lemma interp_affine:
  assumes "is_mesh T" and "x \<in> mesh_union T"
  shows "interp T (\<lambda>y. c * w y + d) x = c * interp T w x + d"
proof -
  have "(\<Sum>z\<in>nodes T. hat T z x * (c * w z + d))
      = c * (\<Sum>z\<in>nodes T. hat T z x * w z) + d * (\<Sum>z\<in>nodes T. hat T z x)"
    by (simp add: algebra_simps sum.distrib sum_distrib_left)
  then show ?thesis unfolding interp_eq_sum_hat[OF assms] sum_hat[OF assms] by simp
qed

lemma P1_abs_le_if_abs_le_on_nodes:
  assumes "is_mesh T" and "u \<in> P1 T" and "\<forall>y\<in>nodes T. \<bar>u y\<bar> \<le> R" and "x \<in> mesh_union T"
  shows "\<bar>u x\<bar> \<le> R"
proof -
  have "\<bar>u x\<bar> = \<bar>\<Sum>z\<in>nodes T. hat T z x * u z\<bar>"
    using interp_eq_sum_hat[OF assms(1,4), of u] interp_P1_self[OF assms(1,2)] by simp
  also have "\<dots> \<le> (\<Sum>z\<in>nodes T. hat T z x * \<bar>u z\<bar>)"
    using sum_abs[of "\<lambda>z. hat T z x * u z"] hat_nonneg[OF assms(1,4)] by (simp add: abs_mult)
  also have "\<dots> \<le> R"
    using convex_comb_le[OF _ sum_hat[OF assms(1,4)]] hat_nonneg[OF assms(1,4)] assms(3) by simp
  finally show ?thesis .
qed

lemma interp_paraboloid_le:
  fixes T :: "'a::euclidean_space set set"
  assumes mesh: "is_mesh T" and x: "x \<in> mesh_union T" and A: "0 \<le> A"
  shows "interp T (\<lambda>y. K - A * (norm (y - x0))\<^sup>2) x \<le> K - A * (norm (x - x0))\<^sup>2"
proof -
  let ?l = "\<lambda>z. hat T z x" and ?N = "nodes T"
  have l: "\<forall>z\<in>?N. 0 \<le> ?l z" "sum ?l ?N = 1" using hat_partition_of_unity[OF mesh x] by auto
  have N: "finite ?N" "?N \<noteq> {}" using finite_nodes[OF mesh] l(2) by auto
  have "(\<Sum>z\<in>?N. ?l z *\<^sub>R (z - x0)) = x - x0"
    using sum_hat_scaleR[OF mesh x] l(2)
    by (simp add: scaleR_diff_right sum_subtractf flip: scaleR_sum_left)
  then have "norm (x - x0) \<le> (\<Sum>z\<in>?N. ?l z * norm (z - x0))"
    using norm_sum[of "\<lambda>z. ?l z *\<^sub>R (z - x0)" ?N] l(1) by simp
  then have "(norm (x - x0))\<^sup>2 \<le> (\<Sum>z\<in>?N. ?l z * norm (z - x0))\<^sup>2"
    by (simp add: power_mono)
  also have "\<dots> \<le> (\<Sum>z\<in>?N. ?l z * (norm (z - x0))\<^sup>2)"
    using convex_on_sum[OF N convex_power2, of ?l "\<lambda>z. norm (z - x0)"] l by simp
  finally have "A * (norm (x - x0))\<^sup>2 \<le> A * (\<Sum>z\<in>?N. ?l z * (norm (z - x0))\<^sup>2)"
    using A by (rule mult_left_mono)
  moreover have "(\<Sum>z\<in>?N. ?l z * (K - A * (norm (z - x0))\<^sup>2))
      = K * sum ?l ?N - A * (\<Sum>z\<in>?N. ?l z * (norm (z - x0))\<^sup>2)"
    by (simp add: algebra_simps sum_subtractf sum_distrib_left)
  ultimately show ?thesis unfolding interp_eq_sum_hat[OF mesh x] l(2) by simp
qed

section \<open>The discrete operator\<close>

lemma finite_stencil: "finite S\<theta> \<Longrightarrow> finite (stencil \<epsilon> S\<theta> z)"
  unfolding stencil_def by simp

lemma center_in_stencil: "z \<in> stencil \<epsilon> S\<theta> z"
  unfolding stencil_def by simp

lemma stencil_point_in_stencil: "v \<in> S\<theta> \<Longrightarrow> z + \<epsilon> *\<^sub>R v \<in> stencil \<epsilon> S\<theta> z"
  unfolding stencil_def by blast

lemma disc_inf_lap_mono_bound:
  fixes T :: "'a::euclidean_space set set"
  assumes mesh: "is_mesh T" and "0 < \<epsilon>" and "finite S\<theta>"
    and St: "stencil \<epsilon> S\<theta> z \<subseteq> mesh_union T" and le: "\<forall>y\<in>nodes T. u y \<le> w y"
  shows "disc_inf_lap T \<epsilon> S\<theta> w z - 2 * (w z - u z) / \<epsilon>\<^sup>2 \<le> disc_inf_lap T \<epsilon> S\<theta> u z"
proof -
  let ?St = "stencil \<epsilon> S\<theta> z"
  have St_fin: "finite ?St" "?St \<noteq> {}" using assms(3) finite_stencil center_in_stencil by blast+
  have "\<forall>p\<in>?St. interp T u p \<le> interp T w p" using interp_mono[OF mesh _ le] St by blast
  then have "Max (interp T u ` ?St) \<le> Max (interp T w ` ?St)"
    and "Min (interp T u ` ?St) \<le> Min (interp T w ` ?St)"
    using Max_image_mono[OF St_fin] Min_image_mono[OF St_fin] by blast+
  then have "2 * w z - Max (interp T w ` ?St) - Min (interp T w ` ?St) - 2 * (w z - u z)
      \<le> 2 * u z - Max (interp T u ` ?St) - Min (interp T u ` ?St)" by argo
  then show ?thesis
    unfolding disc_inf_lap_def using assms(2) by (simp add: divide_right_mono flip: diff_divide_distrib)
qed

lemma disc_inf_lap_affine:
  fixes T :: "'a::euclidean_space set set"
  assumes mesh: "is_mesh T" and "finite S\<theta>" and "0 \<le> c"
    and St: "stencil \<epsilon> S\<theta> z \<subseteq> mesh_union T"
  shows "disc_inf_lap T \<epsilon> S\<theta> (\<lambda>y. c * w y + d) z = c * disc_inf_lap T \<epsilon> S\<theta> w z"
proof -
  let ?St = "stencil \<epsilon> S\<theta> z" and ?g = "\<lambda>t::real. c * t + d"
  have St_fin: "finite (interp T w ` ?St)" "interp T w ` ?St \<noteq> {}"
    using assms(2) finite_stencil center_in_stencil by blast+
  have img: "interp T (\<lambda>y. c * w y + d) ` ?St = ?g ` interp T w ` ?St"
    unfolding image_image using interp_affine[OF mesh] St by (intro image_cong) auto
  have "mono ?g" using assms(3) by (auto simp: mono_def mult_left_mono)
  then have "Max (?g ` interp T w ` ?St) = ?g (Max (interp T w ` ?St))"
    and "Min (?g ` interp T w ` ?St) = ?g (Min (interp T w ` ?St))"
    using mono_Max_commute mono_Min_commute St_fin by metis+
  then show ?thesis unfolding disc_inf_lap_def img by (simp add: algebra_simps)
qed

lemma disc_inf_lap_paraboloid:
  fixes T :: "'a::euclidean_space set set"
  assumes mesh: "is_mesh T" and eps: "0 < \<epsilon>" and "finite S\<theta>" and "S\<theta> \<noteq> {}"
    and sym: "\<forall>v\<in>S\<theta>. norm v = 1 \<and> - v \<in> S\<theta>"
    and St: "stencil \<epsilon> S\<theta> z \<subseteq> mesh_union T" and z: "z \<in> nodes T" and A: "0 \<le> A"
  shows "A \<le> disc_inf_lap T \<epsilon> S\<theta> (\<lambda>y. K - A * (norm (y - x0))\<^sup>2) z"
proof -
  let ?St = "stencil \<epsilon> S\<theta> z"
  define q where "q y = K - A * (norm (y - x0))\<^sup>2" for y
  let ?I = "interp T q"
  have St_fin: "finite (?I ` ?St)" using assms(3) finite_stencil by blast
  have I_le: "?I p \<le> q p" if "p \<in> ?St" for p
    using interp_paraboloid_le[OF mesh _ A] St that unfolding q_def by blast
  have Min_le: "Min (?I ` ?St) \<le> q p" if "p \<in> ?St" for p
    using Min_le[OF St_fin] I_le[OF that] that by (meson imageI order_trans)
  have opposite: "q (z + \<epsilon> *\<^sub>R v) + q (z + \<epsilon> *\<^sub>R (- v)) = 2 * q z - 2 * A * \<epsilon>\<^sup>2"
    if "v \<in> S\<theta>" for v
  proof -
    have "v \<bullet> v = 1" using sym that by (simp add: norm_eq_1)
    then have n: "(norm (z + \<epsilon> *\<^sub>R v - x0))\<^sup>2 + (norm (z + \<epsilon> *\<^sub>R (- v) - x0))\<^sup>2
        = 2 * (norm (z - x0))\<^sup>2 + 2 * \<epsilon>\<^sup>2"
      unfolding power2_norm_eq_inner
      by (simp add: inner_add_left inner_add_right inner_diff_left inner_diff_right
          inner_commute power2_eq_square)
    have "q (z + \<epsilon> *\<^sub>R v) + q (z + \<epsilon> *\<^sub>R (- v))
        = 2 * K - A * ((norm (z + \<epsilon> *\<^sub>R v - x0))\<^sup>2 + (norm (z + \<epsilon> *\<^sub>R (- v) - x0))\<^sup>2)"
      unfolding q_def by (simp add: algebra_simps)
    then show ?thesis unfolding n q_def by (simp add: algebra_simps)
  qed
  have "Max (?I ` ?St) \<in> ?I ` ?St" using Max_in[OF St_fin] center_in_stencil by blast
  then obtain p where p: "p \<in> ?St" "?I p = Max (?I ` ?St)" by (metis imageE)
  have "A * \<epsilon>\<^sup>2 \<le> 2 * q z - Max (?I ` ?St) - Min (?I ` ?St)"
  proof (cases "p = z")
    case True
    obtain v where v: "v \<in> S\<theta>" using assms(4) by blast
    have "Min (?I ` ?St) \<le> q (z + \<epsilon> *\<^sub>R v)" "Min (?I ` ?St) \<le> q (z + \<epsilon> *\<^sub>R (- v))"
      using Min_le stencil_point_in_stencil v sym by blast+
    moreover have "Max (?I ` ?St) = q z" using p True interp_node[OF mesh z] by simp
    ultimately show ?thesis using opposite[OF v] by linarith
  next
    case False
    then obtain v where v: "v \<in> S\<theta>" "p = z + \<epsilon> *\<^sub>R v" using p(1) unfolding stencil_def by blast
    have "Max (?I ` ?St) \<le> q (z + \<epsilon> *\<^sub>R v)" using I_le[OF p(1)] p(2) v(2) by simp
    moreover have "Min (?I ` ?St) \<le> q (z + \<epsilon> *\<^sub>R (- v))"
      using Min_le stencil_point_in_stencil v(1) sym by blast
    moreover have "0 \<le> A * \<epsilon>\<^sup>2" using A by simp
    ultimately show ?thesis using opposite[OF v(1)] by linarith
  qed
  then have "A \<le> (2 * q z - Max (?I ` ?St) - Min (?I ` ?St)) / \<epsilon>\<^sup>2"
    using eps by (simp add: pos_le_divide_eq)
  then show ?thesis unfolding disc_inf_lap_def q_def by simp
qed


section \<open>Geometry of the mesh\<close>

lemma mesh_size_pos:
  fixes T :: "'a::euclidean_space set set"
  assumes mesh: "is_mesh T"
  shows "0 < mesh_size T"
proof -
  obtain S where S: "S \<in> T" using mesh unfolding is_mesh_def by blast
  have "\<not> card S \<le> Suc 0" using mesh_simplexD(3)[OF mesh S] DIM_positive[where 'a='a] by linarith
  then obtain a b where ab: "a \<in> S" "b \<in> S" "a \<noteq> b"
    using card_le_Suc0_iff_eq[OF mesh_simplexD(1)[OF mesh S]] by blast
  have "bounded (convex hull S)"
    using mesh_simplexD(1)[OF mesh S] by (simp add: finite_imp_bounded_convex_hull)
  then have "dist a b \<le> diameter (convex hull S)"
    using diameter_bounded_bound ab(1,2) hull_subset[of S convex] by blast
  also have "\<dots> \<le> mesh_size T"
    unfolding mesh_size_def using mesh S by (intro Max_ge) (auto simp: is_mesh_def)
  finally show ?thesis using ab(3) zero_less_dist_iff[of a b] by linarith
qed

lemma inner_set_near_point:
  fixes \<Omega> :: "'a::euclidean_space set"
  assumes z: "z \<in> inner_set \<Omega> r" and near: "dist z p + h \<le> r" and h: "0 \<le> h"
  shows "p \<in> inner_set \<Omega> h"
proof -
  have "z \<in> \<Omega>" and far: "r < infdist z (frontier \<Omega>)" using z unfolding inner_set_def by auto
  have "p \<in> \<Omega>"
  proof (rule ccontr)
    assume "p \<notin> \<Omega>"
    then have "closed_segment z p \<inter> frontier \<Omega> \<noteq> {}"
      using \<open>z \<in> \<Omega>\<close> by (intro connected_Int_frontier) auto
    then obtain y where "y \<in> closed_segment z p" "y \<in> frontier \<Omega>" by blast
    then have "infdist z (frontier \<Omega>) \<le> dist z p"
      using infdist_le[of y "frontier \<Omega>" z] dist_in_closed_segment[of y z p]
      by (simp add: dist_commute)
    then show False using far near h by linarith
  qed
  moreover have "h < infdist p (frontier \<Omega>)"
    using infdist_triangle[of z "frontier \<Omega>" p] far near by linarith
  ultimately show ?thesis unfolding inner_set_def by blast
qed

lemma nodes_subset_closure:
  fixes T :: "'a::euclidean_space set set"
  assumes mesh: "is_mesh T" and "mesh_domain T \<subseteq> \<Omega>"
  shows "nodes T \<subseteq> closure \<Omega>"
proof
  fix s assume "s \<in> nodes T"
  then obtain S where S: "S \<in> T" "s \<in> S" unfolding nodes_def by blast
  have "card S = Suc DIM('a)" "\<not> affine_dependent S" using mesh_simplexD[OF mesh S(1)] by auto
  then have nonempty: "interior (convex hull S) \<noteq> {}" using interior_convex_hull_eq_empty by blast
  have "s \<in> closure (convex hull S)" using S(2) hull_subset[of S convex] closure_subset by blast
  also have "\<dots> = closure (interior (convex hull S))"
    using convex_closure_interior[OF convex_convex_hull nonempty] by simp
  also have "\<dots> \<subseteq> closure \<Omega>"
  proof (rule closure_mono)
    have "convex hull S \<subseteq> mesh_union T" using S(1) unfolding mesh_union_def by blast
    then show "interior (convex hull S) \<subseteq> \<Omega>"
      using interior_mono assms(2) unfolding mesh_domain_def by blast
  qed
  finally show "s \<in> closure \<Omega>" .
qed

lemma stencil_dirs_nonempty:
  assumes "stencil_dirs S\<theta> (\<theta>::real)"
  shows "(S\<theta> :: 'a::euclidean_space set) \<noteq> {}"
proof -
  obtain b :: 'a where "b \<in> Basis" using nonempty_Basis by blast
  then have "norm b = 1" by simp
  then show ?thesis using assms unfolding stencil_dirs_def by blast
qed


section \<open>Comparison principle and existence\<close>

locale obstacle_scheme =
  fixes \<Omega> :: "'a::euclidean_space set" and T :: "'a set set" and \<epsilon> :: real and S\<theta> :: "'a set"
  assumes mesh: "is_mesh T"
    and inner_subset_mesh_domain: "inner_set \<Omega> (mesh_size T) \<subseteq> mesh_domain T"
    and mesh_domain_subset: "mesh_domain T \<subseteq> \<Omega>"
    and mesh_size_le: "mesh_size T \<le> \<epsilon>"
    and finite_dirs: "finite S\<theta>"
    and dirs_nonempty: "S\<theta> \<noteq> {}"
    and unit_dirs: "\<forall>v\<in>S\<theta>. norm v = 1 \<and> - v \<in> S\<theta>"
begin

·····

▸ **WORK REQUEST**
Give only the number of lines in the material above that hold the word "metis".

▸ **REPLY TO THE EXERCISE**
2